Securities Technology: PC Video Giving Traders Window on Breaking News

A growing number of bank traders are tuning in video news services on their desktop computers to get an edge in the fast-moving financial markets.

Specially equipped computers bring in video and audio of breaking financial news such as corporate press conferences, as well as interviews with top business executives and government officials.

In the past two years, Dow Jones & Co., National Broadcasting Co., Reuters PLC, Turner Broadcasting Systems' Cable News Network, and other communications powerhouses have launched direct-to-PC video news services aimed mainly at financial firms - whose appetites for information that can affect their markets seems insatiable.

Prices for the services range between $500 and $1,500 a month per trader workstation.

Wall Street firms have long received text-only wire services electronically. But live broadcasts on the computers can often give traders a head start on breaking news that moves a particular company's stock or even entire markets.

"We are overcoming the perception that there's something wrong with watching TV in the office," said Martin Schenker, managing editor of the Dow Jones Investor Network, one of the early entrants into the field. It launched its service late in 1993.

Since the mid-1980s, most banks with trading rooms have installed televisions that are tuned to CNN or the business news cable channel CNBC, but traders rarely watch them, Mr. Schenker asserted. "We felt that much of TV news programming is biased towards entertainment values and not the hard news that traders can make money on."

Editors at Dow Jones Investor Network select two or three events per day to broadcast between 7:30 a.m. and 6 p.m. "We are using our news judgment to pick the stories that are most valuable to our subscribers," Mr. Schenker said.

For example, he said, one recent Dow Jones Investor Network interview with the chairman of Nestle delivered important news regarding a possible merger a full 20 minutes ahead of text-based news services.

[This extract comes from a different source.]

(* For any valid scheme (satisfying (C1)–(C8)) with $N\ge1$, $K\ge2$, \[ \frac{N-1}{N}\,d+\rho_U\ \ge\ 1, \] equivalently $NL\le (N-1)D+N\,H(\mathcal{R}_U)$.
   Context: Model (SPIR with user-side common randomness). There are $N\ge1$ non-colluding databases, each storing the same $K\ge2$ messages $W_1,\dots,W_K$. Each message consists of $L$ i.i.d. symbols uniform over a sufficiently large finite field $\mathbb{F}_q$; entropies are in $q$-ary units, so $H(W_k)=L$ and $H(W_{1:K})=KL$. The databases share server-side common randomness $\mathcal{R}_S$, unknown to the user. The user holds user-side common randomness $\mathcal{R}_U$, a subset of the components of $\mathcal{R}_S$, unknown to the databases except for its size (uniform over subsets of given cardinality). $\mathcal{F}$ is the user's retrieval-strategy randomness. To retrieve $W_k$ the user sends $Q_n^{[k,\mathcal{R}_U]}$ to database $n$, receiving $A_n^{[k,\mathcal{R}_U]}$; $W_{\bar k}=\{W_j:j\ne k\}$. A valid scheme satisfies for all $k,n,\mathcal{R}_U$: (C1) $I(W_{1:K};k,\mathcal{F},\mathcal{R}_S,\mathcal{R}_U)=0$; (C2) $I(Q_{1:N}^{[k,\mathcal{R}_U]};W_{1:K},\mathcal{R}_S\setminus\mathcal{R}_U)=0$; (C3) $H(Q_{1:N}^{[k,\mathcal{R}_U]}\mid\mathcal{F})=0$; (C4) $H(A_n^{[k,\mathcal{R}_U]}\mid Q_n^{[k,\mathcal{R}_U]},W_{1:K},\mathcal{R}_S)=0$; (C5) $H(W_k\mid\mathcal{F},A_{1:N}^{[k,\mathcal{R}_U]},\mathcal{R}_U)=0$; (C6) user privacy: for all $k,k',n,\mathcal{R}_U$ there is $\mathcal{R}_U'$ with $H(\mathcal{R}_U')=H(\mathcal{R}_U)$ and $(Q_n^{[k,\mathcal{R}_U]},A_n^{[k,\mathcal{R}_U]},W_{1:K},\mathcal{R}_S)\sim(Q_n^{[k',\mathcal{R}_U']},A_n^{[k',\mathcal{R}_U']},W_{1:K},\mathcal{R}_S)$; (C7) $I(W_{\bar k};\mathcal{F},A_{1:N}^{[k,\mathcal{R}_U]},\mathcal{R}_U)=0$; (C8) $I(\mathcal{R}_S\setminus\mathcal{R}_U;\mathcal{F},A_{1:N}^{[k,\mathcal{R}_U]},W_k,\mathcal{R}_U)=0$. $D$ is the maximal total number of downloaded symbols; $d=D/L$, $\rho_U=H(\mathcal{R}_U)/L$. *)

theory Defs
  imports "HOL-Probability.Probability_Mass_Function" "HOL-Library.FuncSet"
begin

Money-center banks, including Chase Manhattan Corp. and Chemical Banking Corp., have installed in their massive trading rooms desktop video technology that displays the moving pictures as a "window" along with other PC applications.

But regional banks have jumped on the multimedia bandwagon as well. For over a year, Princeton, N.J.-based UJB Financial Corp. has had the Dow Jones Investor Network available on its three-person trading desk, said Fernando Garip, vice president and portfolio manager.

"Even from an analytical perspective, the timeliness of receiving information as it happens is critical," said Mr. Garip, who helps manage the $16 billion-asset bank's portfolio of fixed-income securities and equities. "It also saves us money because we don't have to fly all over the country to attend trade shows or corporate briefings."

Mr. Garip also likes the unfiltered nature of the information being delivered to the bank's desktop computers by Dow Jones. "The regular business news programs are more sensationalistic - they're formatted more for mass consumption," he noted. "Sometimes we can learn a lot more when we get all the boring details."